**EXERCISE DETAILS**
What you return must be an exact copy of the lines in the listing below between the line holding "proof cases" and the line holding "by (rule eqv_ctx, rule", inclusive, and nothing more.
------
lemma rho_conj_lam_word:
  assumes m: "1 \<le> m" "m \<le> n - 1" and ij: "1 \<le> i" "i < j" "j \<le> n" and "(i, j) \<noteq> (m, m + 1)"
  shows "[rh m] @ lam_word i j @ [rh m]
    \<sim>\<sim> lam_word (transpose m (m+1) i) (transpose m (m+1) j)"
proof -
  consider "m + 2 \<le> i \<or> j + 1 \<le> m" | "m + 1 = i" | "m = i" "i + 2 \<le> j"
    | "i + 1 \<le> m" "m + 2 \<le> j" | "m + 1 = j" "i < m" | "m = j" | "i = m" "j = m + 1"
    using ij by linarith
  then show ?thesis
  proof cases
    case 1
    then show ?thesis using rho_conj_lam_word_far[OF m ij] ij by (auto simp: transpose_def)
  next
    case 2
    then show ?thesis using rho_conj_involutive[OF m rho_conj_lam_word_left[of m j]] m ij
      by (simp add: transpose_def)
  next
    case 3
    then show ?thesis using rho_conj_lam_word_left[of m j] ij by (simp add: transpose_def)
  next
    case 4
    then show ?thesis using rho_conj_lam_word_inner[OF m] ij by (simp add: transpose_def)
  next
    case 5
    then have "[rh m] @ lam_word i m @ [rh m] \<sim>\<sim> lam_word i j"
      using lam_word_Suc_right[of i m] eqv_refl by simp
    then show ?thesis using rho_conj_involutive[OF m] 5 by (simp add: transpose_def)
  next
    case 6
    then show ?thesis using lam_word_Suc_right[OF ij(2)] eqv_refl ij by (simp add: transpose_def)
  next
    case 7
    then show ?thesis using assms(6) by simp
  qed
qed

lemma rho_sigma_inv_rho:
  assumes "1 \<le> i" "i \<le> n - 1"
  shows "[rh i, sgi i, rh i] \<sim>\<sim> [gm (i+1), gm i, sgi i, gm i, gm (i+1)]"
proof -
  have "i \<le> n" "i + 1 \<le> n" using assms by auto
  with eqv_inverted[OF rho_sigma_rho[OF assms]] assms show ?thesis by (simp add: letter_inv_def)
qed

lemma rho_conj_lam_word_adjacent:
  assumes "1 \<le> i" "i \<le> n - 1"
  shows "[rh i] @ lam_word i (i+1) @ [rh i] \<sim>\<sim> [gm (i+1), gm i] @ lam_word i (i+1) @ [gm i, gm (i+1)]"
proof -
  have "[rh i] @ lam_word i (i+1) @ [rh i] = [rh i] @ [rh i, sgi i, rh i]" by (simp add: lam_word_def)
  also have "\<dots> \<sim>\<sim> [rh i] @ [gm (i+1), gm i, sgi i, gm i, gm (i+1)]"
    by (rule eqv_append_left, rule rho_sigma_inv_rho) (use assms in auto)
  also have "\<dots> = [rh i, gm (i+1)] @ [gm i, sgi i, gm i, gm (i+1)]" by simp
  also have "\<dots> \<sim>\<sim> [gm i, rh i] @ [gm i, sgi i, gm i, gm (i+1)]"
    using eqv_append_right[OF eqv_sym[OF gamma_rho[of i i]]] assms by (simp add: transpose_def)
  also have "\<dots> = [gm i] @ [rh i, gm i] @ [sgi i, gm i, gm (i+1)]" by simp
  also have "\<dots> \<sim>\<sim> [gm i] @ [gm (i+1), rh i] @ [sgi i, gm i, gm (i+1)]"
    by (rule eqv_ctx, rule rho_gamma) (use assms in auto)
  also have "\<dots> = [gm i, gm (i+1)] @ [rh i, sgi i, gm i, gm (i+1)]" by simp
  also have "\<dots> \<sim>\<sim> [gm (i+1), gm i] @ [rh i, sgi i, gm i, gm (i+1)]"
    by (rule eqv_append_right, rule gamma_comm) (use assms in auto)
  finally show ?thesis by (simp add: lam_word_def)
qed

interpretation TVB: group "TVB n"
  by (rule group_TVB)

lemma rho_in_carrier: "1 \<le> m \<Longrightarrow> m \<le> n - 1 \<Longrightarrow> rho n m \<in> carrier (TVB n)"
  by (simp add: rho_def tcls_in_carrier)

lemma gamma_in_carrier: "1 \<le> k \<Longrightarrow> k \<le> n \<Longrightarrow> gamma n k \<in> carrier (TVB n)"
  by (simp add: gamma_def tcls_in_carrier)

lemma rho_involution: "1 \<le> m \<Longrightarrow> m \<le> n - 1 \<Longrightarrow> rho n m \<otimes>\<^bsub>TVB n\<^esub> rho n m = \<one>\<^bsub>TVB n\<^esub>"
  by (simp add: rho_def tcls_mult TVB_one tcls_eq_iff rho_sq)

lemma gamma_involution: "1 \<le> k \<Longrightarrow> k \<le> n \<Longrightarrow> gamma n k \<otimes>\<^bsub>TVB n\<^esub> gamma n k = \<one>\<^bsub>TVB n\<^esub>"
  by (simp add: gamma_def tcls_mult TVB_one tcls_eq_iff gamma_sq)

lemma inv_rho: "1 \<le> m \<Longrightarrow> m \<le> n - 1 \<Longrightarrow> inv\<^bsub>TVB n\<^esub> (rho n m) = rho n m"
  using rho_involution rho_in_carrier by (simp add: TVB.inv_equality)

lemma inv_gamma: "1 \<le> k \<Longrightarrow> k \<le> n \<Longrightarrow> inv\<^bsub>TVB n\<^esub> (gamma n k) = gamma n k"
  using gamma_involution gamma_in_carrier by (simp add: TVB.inv_equality)

lemma gamma_mult_comm:
  "1 \<le> k \<Longrightarrow> k \<le> n \<Longrightarrow> 1 \<le> l \<Longrightarrow> l \<le> n
   \<Longrightarrow> gamma n k \<otimes>\<^bsub>TVB n\<^esub> gamma n l = gamma n l \<otimes>\<^bsub>TVB n\<^esub> gamma n k"
  by (simp add: gamma_def tcls_mult tcls_eq_iff gamma_comm)

lemma lambda_in_TVP: "1 \<le> i \<Longrightarrow> i < j \<Longrightarrow> j \<le> n \<Longrightarrow> lambda n i j \<in> TVP n"
  by (simp add: lambda_def tcls_in_TVP valid_lam_word perm_of_lam_word)

lemma gamma_in_TVP: "1 \<le> k \<Longrightarrow> k \<le> n \<Longrightarrow> gamma n k \<in> TVP n"
  by (simp add: gamma_def tcls_in_TVP)

lemma lambda_in_carrier: "1 \<le> i \<Longrightarrow> i < j \<Longrightarrow> j \<le> n \<Longrightarrow> lambda n i j \<in> carrier (TVB n)"
  by (simp add: lambda_def tcls_in_carrier valid_lam_word)

lemma gamma_lambda_comm:
  "1 \<le> k \<Longrightarrow> k \<le> n \<Longrightarrow> k \<noteq> i \<Longrightarrow> k \<noteq> j \<Longrightarrow> 1 \<le> i \<Longrightarrow> i < j \<Longrightarrow> j \<le> n
   \<Longrightarrow> gamma n k \<otimes>\<^bsub>TVB n\<^esub> lambda n i j = lambda n i j \<otimes>\<^bsub>TVB n\<^esub> gamma n k"
  using gamma_lam_word_comm[of k i j] by (simp add: gamma_def lambda_def tcls_mult tcls_eq_iff)

lemma rho_conj_gamma:
  assumes "1 \<le> m" "m \<le> n - 1" "1 \<le> k" "k \<le> n"
  shows "rho n m \<otimes>\<^bsub>TVB n\<^esub> gamma n k \<otimes>\<^bsub>TVB n\<^esub> rho n m = gamma n (transpose m (m+1) k)"
proof -
  have "[rh m] @ [gm k, rh m] \<sim>\<sim> [rh m] @ [rh m, gm (transpose m (m+1) k)]"
    by (rule eqv_append_left, rule gamma_rho) (use assms in auto)
  also have "\<dots> \<sim>\<sim> [gm (transpose m (m+1) k)]"
    using eqv_drop_left[OF rho_sq[OF assms(1,2)]] by simp
  finally show ?thesis by (simp add: rho_def gamma_def tcls_mult tcls_eq_iff)
qed

definition gamma_pair :: "nat \<Rightarrow> nat \<Rightarrow> tword set set" where
  "gamma_pair i j = {\<one>\<^bsub>TVB n\<^esub>, gamma n i, gamma n j, gamma n i \<otimes>\<^bsub>TVB n\<^esub> gamma n j}"

lemma tconj_lambda_one: "1 \<le> i \<Longrightarrow> i < j \<Longrightarrow> j \<le> n \<Longrightarrow> tconj n (lambda n i j) \<one>\<^bsub>TVB n\<^esub> = lambda n i j"
  using lambda_in_carrier unfolding tconj_def by simp

lemma PL_gens_iff:
  "x \<in> PL_gens n \<longleftrightarrow> (\<exists>i j c. 1 \<le> i \<and> i < j \<and> j \<le> n \<and> c \<in> gamma_pair i j \<and> x = tconj n (lambda n i j) c)"
proof
  assume "x \<in> PL_gens n"
  then obtain i j where ij: "1 \<le> i" "i < j" "j \<le> n" and x: "x \<in> {lambda n i j,
      tconj n (lambda n i j) (gamma n i), tconj n (lambda n i j) (gamma n j),
      tconj n (lambda n i j) (gamma n i \<otimes>\<^bsub>TVB n\<^esub> gamma n j)}"
    unfolding PL_gens_def by auto
  then have "\<exists>c\<in>gamma_pair i j. x = tconj n (lambda n i j) c"
    using tconj_lambda_one[OF ij] unfolding gamma_pair_def by auto
  then show "\<exists>i j c. 1 \<le> i \<and> i < j \<and> j \<le> n \<and> c \<in> gamma_pair i j \<and> x = tconj n (lambda n i j) c"
    using ij by blast
next
  assume "\<exists>i j c. 1 \<le> i \<and> i < j \<and> j \<le> n \<and> c \<in> gamma_pair i j \<and> x = tconj n (lambda n i j) c"
  then obtain i j c where ij: "1 \<le> i" "i < j" "j \<le> n" and c: "c \<in> gamma_pair i j"
    and x: "x = tconj n (lambda n i j) c" by blast
  have "x \<in> {lambda n i j, tconj n (lambda n i j) (gamma n i), tconj n (lambda n i j) (gamma n j),
      tconj n (lambda n i j) (gamma n i \<otimes>\<^bsub>TVB n\<^esub> gamma n j)}"
    using c x tconj_lambda_one[OF ij] by (auto simp: gamma_pair_def)
  also have "\<dots> \<subseteq> PL_gens n"
    unfolding PL_gens_def using ij by (intro subsetI UN_I[of i] UN_I[of j]) auto
  finally show "x \<in> PL_gens n" .
qed

lemma lambda_in_PL_gens: "1 \<le> i \<Longrightarrow> i < j \<Longrightarrow> j \<le> n \<Longrightarrow> lambda n i j \<in> PL_gens n"
  unfolding PL_gens_def by (intro UN_I[of i] UN_I[of j]) auto

lemma gammas_subset_carrier: "{gamma n k | k. 1 \<le> k \<and> k \<le> n} \<subseteq> carrier (TVB n)"
  using gamma_in_carrier by blast

lemma subgroup_An: "subgroup (An n) (TVB n)"
  unfolding An_def by (rule TVB.generate_is_subgroup[OF gammas_subset_carrier])

lemma gamma_in_An: "1 \<le> k \<Longrightarrow> k \<le> n \<Longrightarrow> gamma n k \<in> An n"
  unfolding An_def by (rule generate.incl) blast

lemma gamma_pair_subset_An: "1 \<le> i \<Longrightarrow> i < j \<Longrightarrow> j \<le> n \<Longrightarrow> gamma_pair i j \<subseteq> An n"
  unfolding gamma_pair_def
  using gamma_in_An[of i] gamma_in_An[of j] subgroup.one_closed[OF subgroup_An] subgroup.m_closed[OF subgroup_An]
  by auto

lemma gamma_pair_mult_gamma:
  assumes ij: "1 \<le> i" "i < j" "j \<le> n" and k: "k = i \<or> k = j" and c: "c \<in> gamma_pair i j"
  shows "c \<otimes>\<^bsub>TVB n\<^esub> gamma n k \<in> gamma_pair i j"
proof -
  let ?gi = "gamma n i" and ?gj = "gamma n j"
  have gi: "?gi \<in> carrier (TVB n)" and gj: "?gj \<in> carrier (TVB n)" using ij gamma_in_carrier by auto
  have ii: "?gi \<otimes>\<^bsub>TVB n\<^esub> ?gi = \<one>\<^bsub>TVB n\<^esub>" and jj: "?gj \<otimes>\<^bsub>TVB n\<^esub> ?gj = \<one>\<^bsub>TVB n\<^esub>"
    using ij gamma_involution by auto
  have ji: "?gj \<otimes>\<^bsub>TVB n\<^esub> ?gi = ?gi \<otimes>\<^bsub>TVB n\<^esub> ?gj" using ij gamma_mult_comm by auto
  have iji: "?gi \<otimes>\<^bsub>TVB n\<^esub> ?gj \<otimes>\<^bsub>TVB n\<^esub> ?gi = ?gj"
    using gi gj by (simp add: TVB.m_assoc ji) (simp add: TVB.m_assoc[symmetric] ii gj)
  have ijj: "?gi \<otimes>\<^bsub>TVB n\<^esub> ?gj \<otimes>\<^bsub>TVB n\<^esub> ?gj = ?gi"
    using gi gj by (simp add: TVB.m_assoc jj)
  show ?thesis
    using k c gi gj ii jj ji iji ijj unfolding gamma_pair_def by auto
qed

lemma gamma_An_comm:
  assumes "1 \<le> k" "k \<le> n" "c \<in> An n"
  shows "gamma n k \<otimes>\<^bsub>TVB n\<^esub> c = c \<otimes>\<^bsub>TVB n\<^esub> gamma n k"
  using assms(3) unfolding An_def
proof induction
  case one
  show ?case using gamma_in_carrier[OF assms(1,2)] by simp
next
  case (incl h)
  then show ?case using gamma_mult_comm assms(1,2) by auto
next
  case (inv h)
  then obtain l where l: "1 \<le> l" "l \<le> n" "h = gamma n l" by blast
  then show ?case using gamma_mult_comm assms(1,2) inv_gamma by auto
next
  case (eng c d)
  have cd: "c \<in> carrier (TVB n)" "d \<in> carrier (TVB n)"
    using eng.hyps TVB.generate_in_carrier[OF gammas_subset_carrier] by auto
  have g: "gamma n k \<in> carrier (TVB n)" using gamma_in_carrier[OF assms(1,2)] .
  have "gamma n k \<otimes>\<^bsub>TVB n\<^esub> (c \<otimes>\<^bsub>TVB n\<^esub> d) = c \<otimes>\<^bsub>TVB n\<^esub> gamma n k \<otimes>\<^bsub>TVB n\<^esub> d"
    using cd g eng.IH(1) by (simp add: TVB.m_assoc[symmetric])
  also have "\<dots> = c \<otimes>\<^bsub>TVB n\<^esub> d \<otimes>\<^bsub>TVB n\<^esub> gamma n k"
    using cd g eng.IH(2) by (simp add: TVB.m_assoc)
  finally show ?case .
qed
------
**SOLUTION FOR THIS EXERCISE**
  proof cases
    case 1
    then show ?thesis using rho_conj_lam_word_far[OF m ij] ij by (auto simp: transpose_def)
  next
    case 2
    then show ?thesis using rho_conj_involutive[OF m rho_conj_lam_word_left[of m j]] m ij
      by (simp add: transpose_def)
  next
    case 3
    then show ?thesis using rho_conj_lam_word_left[of m j] ij by (simp add: transpose_def)
  next
    case 4
    then show ?thesis using rho_conj_lam_word_inner[OF m] ij by (simp add: transpose_def)
  next
    case 5
    then have "[rh m] @ lam_word i m @ [rh m] \<sim>\<sim> lam_word i j"
      using lam_word_Suc_right[of i m] eqv_refl by simp
    then show ?thesis using rho_conj_involutive[OF m] 5 by (simp add: transpose_def)
  next
    case 6
    then show ?thesis using lam_word_Suc_right[OF ij(2)] eqv_refl ij by (simp add: transpose_def)
  next
    case 7
    then show ?thesis using assms(6) by simp
  qed
qed

lemma rho_sigma_inv_rho:
  assumes "1 \<le> i" "i \<le> n - 1"
  shows "[rh i, sgi i, rh i] \<sim>\<sim> [gm (i+1), gm i, sgi i, gm i, gm (i+1)]"
proof -
  have "i \<le> n" "i + 1 \<le> n" using assms by auto
  with eqv_inverted[OF rho_sigma_rho[OF assms]] assms show ?thesis by (simp add: letter_inv_def)
qed

lemma rho_conj_lam_word_adjacent:
  assumes "1 \<le> i" "i \<le> n - 1"
  shows "[rh i] @ lam_word i (i+1) @ [rh i] \<sim>\<sim> [gm (i+1), gm i] @ lam_word i (i+1) @ [gm i, gm (i+1)]"
proof -
  have "[rh i] @ lam_word i (i+1) @ [rh i] = [rh i] @ [rh i, sgi i, rh i]" by (simp add: lam_word_def)
  also have "\<dots> \<sim>\<sim> [rh i] @ [gm (i+1), gm i, sgi i, gm i, gm (i+1)]"
    by (rule eqv_append_left, rule rho_sigma_inv_rho) (use assms in auto)
  also have "\<dots> = [rh i, gm (i+1)] @ [gm i, sgi i, gm i, gm (i+1)]" by simp
  also have "\<dots> \<sim>\<sim> [gm i, rh i] @ [gm i, sgi i, gm i, gm (i+1)]"
    using eqv_append_right[OF eqv_sym[OF gamma_rho[of i i]]] assms by (simp add: transpose_def)
  also have "\<dots> = [gm i] @ [rh i, gm i] @ [sgi i, gm i, gm (i+1)]" by simp
  also have "\<dots> \<sim>\<sim> [gm i] @ [gm (i+1), rh i] @ [sgi i, gm i, gm (i+1)]"
    by (rule eqv_ctx, rule rho_gamma) (use assms in auto)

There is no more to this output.